There's no way I could have done it on my own. But I did, didn't I? What choice did you give me?
“Get Claire on that plane.” “No,” I should have screamed. “You want her on that plane, you drag her yourself.” The same way you said that Ben wanted to drag me onto Ajira 316.
But maybe you knew this already, knew you had to stay on the island, knew that it had to be me. Because after that one outburst, Claire followed me like a lamb everywhere. Anyone else: Frank, Richard, Sawyer – especially Sawyer – she would have fought like a trapped wildcat.
As I read this over, I hate that I wrote it. Claire hasn't fought anyone since we got separated from her on that submarine dock, where she gave us enough cover to get away. She bottles up her terrors inside, where they burst out once in awhile in nightmares. Or she saves it up for Dr. Stillman. I can't miss her red eyes and flushed cheeks when Carole drives her back from therapy.
After we moved into the safe house, we put her bed directly on the floor because otherwise she would sleep under it.
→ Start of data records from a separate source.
definition tamper_ind :: "real \<Rightarrow> nat \<Rightarrow> (bool list \<Rightarrow> bool list pmf) set" where
  "tamper_ind \<alpha> n = {f. \<exists>g :: nat \<Rightarrow> bool \<Rightarrow> bool pmf.
       (\<forall>i<n. \<forall>b. measure_pmf.prob (g i b) {b'. b' \<noteq> b} \<le> \<alpha>) \<and>
       (\<forall>\<gamma>. length \<gamma> = n \<longrightarrow> f \<gamma> = coord_apply g 0 \<gamma>)}"

definition is_code ::
  "(nat \<Rightarrow> nat) \<Rightarrow> (nat \<Rightarrow> nat) \<Rightarrow> (nat \<Rightarrow> 'k pmf) \<Rightarrow> (nat \<Rightarrow> 'k \<Rightarrow> bool list \<Rightarrow> bool list pmf)
    \<Rightarrow> (nat \<Rightarrow> 'k \<Rightarrow> bool list \<Rightarrow> dec_out) \<Rightarrow> bool" where
  "is_code m n KGen Enc Dec \<longleftrightarrow>
     (\<forall>s sk \<mu>. length \<mu> = m s \<longrightarrow> (\<forall>\<gamma> \<in> set_pmf (Enc s sk \<mu>). length \<gamma> = n s)) \<and>
     (\<forall>s sk \<gamma> \<mu>. Dec s sk \<gamma> = Msg \<mu> \<longrightarrow> length \<mu> = m s)"

definition sound ::
  "(nat \<Rightarrow> nat) \<Rightarrow> (nat \<Rightarrow> 'k pmf) \<Rightarrow> (nat \<Rightarrow> 'k \<Rightarrow> bool list \<Rightarrow> dec_out) \<Rightarrow> bool" where
  "sound n KGen Dec \<longleftrightarrow>
     (\<forall>\<gamma>h :: nat \<Rightarrow> bool list. (\<forall>s. length (\<gamma>h s) = n s) \<longrightarrow>
        negl (\<lambda>s. measure_pmf.prob (KGen s) {sk. Dec s sk (\<gamma>h s) \<noteq> Invalid}))"

definition error_correcting ::
  "(nat \<Rightarrow> (bool list \<Rightarrow> bool list pmf) set) \<Rightarrow> (nat \<Rightarrow> nat) \<Rightarrow> (nat \<Rightarrow> nat) \<Rightarrow>
   (nat \<Rightarrow> 'k pmf) \<Rightarrow> (nat \<Rightarrow> 'k \<Rightarrow> bool list \<Rightarrow> bool list pmf)
    \<Rightarrow> (nat \<Rightarrow> 'k \<Rightarrow> bool list \<Rightarrow> dec_out) \<Rightarrow> bool" where
  "error_correcting F m n KGen Enc Dec \<longleftrightarrow>
     (\<forall>(f :: nat \<Rightarrow> bool list \<Rightarrow> bool list pmf) (\<mu> :: nat \<Rightarrow> bool list).
        (\<forall>s. f s \<in> F (n s)) \<longrightarrow> (\<forall>s. length (\<mu> s) = m s) \<longrightarrow>
        negl (\<lambda>s. measure_pmf.prob
           (bind_pmf (KGen s) (\<lambda>sk. bind_pmf (Enc s sk (\<mu> s)) (\<lambda>\<gamma>.
              bind_pmf (f s \<gamma>) (\<lambda>\<gamma>'. return_pmf (sk, \<gamma>, \<gamma>')))))
           {(sk, \<gamma>, \<gamma>'). Dec s sk \<gamma>' \<noteq> Msg (\<mu> s) \<and> \<gamma>' \<noteq> \<gamma>}))"

end

theory Submission
  imports Defs
begin

text \<open>Replace every bit of the codeword by a fresh fair coin. Each bit then changes with
  probability 1/2 \<le> \<alpha> (only this, not \<delta> < 1, is used), so this is an admissible tampering,
  and the tampered word is uniformly random, independent of the key and of the codeword. It equals
  the codeword with probability at most 1/2. Otherwise error correction forces the decoder to
  output the message, in particular not to reject; but a word independent of the key is accepted
  with probability at most that of the worst fixed word, which is negligible by soundness. Hence
  two negligible quantities would sum to at least 1/2.\<close>

lemma negl_add:
  assumes "negl a" and "negl b"
  shows "negl (\<lambda>s. a s + b s)"
  using assms unfolding negl_def by (blast intro: sum_in_smallo)

lemma negl_imp_LIMSEQ_zero:
  assumes "negl \<nu>"
  shows "\<nu> \<longlonglongrightarrow> 0"
proof -
  have "\<nu> \<in> o(\<lambda>x. real x powr (-1))"
    using assms zero_less_one unfolding negl_def by blast
  also have "(\<lambda>x. real x powr (-1)) \<in> O(\<lambda>_. 1)"
    by (intro bigoI[of _ 1] eventually_mono[OF eventually_ge_at_top[of 1]])
      (simp add: powr_minus_divide)
  finally show ?thesis
    using smalloD_tendsto[of \<nu> sequentially "\<lambda>_. 1"] by simp
qed

lemma ex_max_on_lists_length:
  fixes f :: "'a::finite list \<Rightarrow> 'b::linorder"
  shows "\<exists>x. length x = n \<and> (\<forall>y. length y = n \<longrightarrow> f y \<le> f x)"
proof -
  let ?W = "{xs :: 'a list. length xs = n}"
  have "finite ?W" and "?W \<noteq> {}"
    using finite_lists_length_eq[of "UNIV :: 'a set" n] by (auto intro: exI[of _ "replicate n undefined"])
  then have "Max (f ` ?W) \<in> f ` ?W" and "\<forall>y\<in>?W. f y \<le> Max (f ` ?W)"
    by auto
  then show ?thesis by force
qed

lemma sound_imp_uniformly_negl:
  assumes "sound n KGen Dec"
  obtains \<epsilon> where "negl \<epsilon>"
    and "\<And>s x. length x = n s \<Longrightarrow> measure_pmf.prob (KGen s) {sk. Dec s sk x \<noteq> Invalid} \<le> \<epsilon> s"
proof -
  define acc where "acc s x = measure_pmf.prob (KGen s) {sk. Dec s sk x \<noteq> Invalid}" for s x
  have "\<forall>s. \<exists>x. length x = n s \<and> (\<forall>y. length y = n s \<longrightarrow> acc s y \<le> acc s x)"
    using ex_max_on_lists_length by blast
  then obtain worst where worst_length: "\<And>s. length (worst s) = n s"
    and worst_max: "\<And>s x. length x = n s \<Longrightarrow> acc s x \<le> acc s (worst s)" by metis
  have "negl (\<lambda>s. acc s (worst s))"
    using assms worst_length unfolding sound_def acc_def by blast
  with worst_max show ?thesis
    using that unfolding acc_def by blast
qed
You should see her with Aaron now. We were all so worried at first: her mom, yours, me, even Dr. Stillman from Santa Rosa had his doubts. No, he doesn't call her “Mom.” Mostly she's like a beloved preschool teacher or a favorite fun aunt, while I am still doing most of the work.
That sounds ungrateful and sullen, I know. She cries alone in her room at night because no one knows how to tell Aaron that she's really his mother, or whether we even should.
This is what you left me with, Jack. The walls of this house close in around us, squeezing us under all these stifled feelings, choking us in an air of upset and sensitivity, waiting for one bomb or another to go off.
I'm so tired from all of this, so exhausted at having to clean up the emotional messes that you left. And yes, some of that was me. I will admit that, hard as it is.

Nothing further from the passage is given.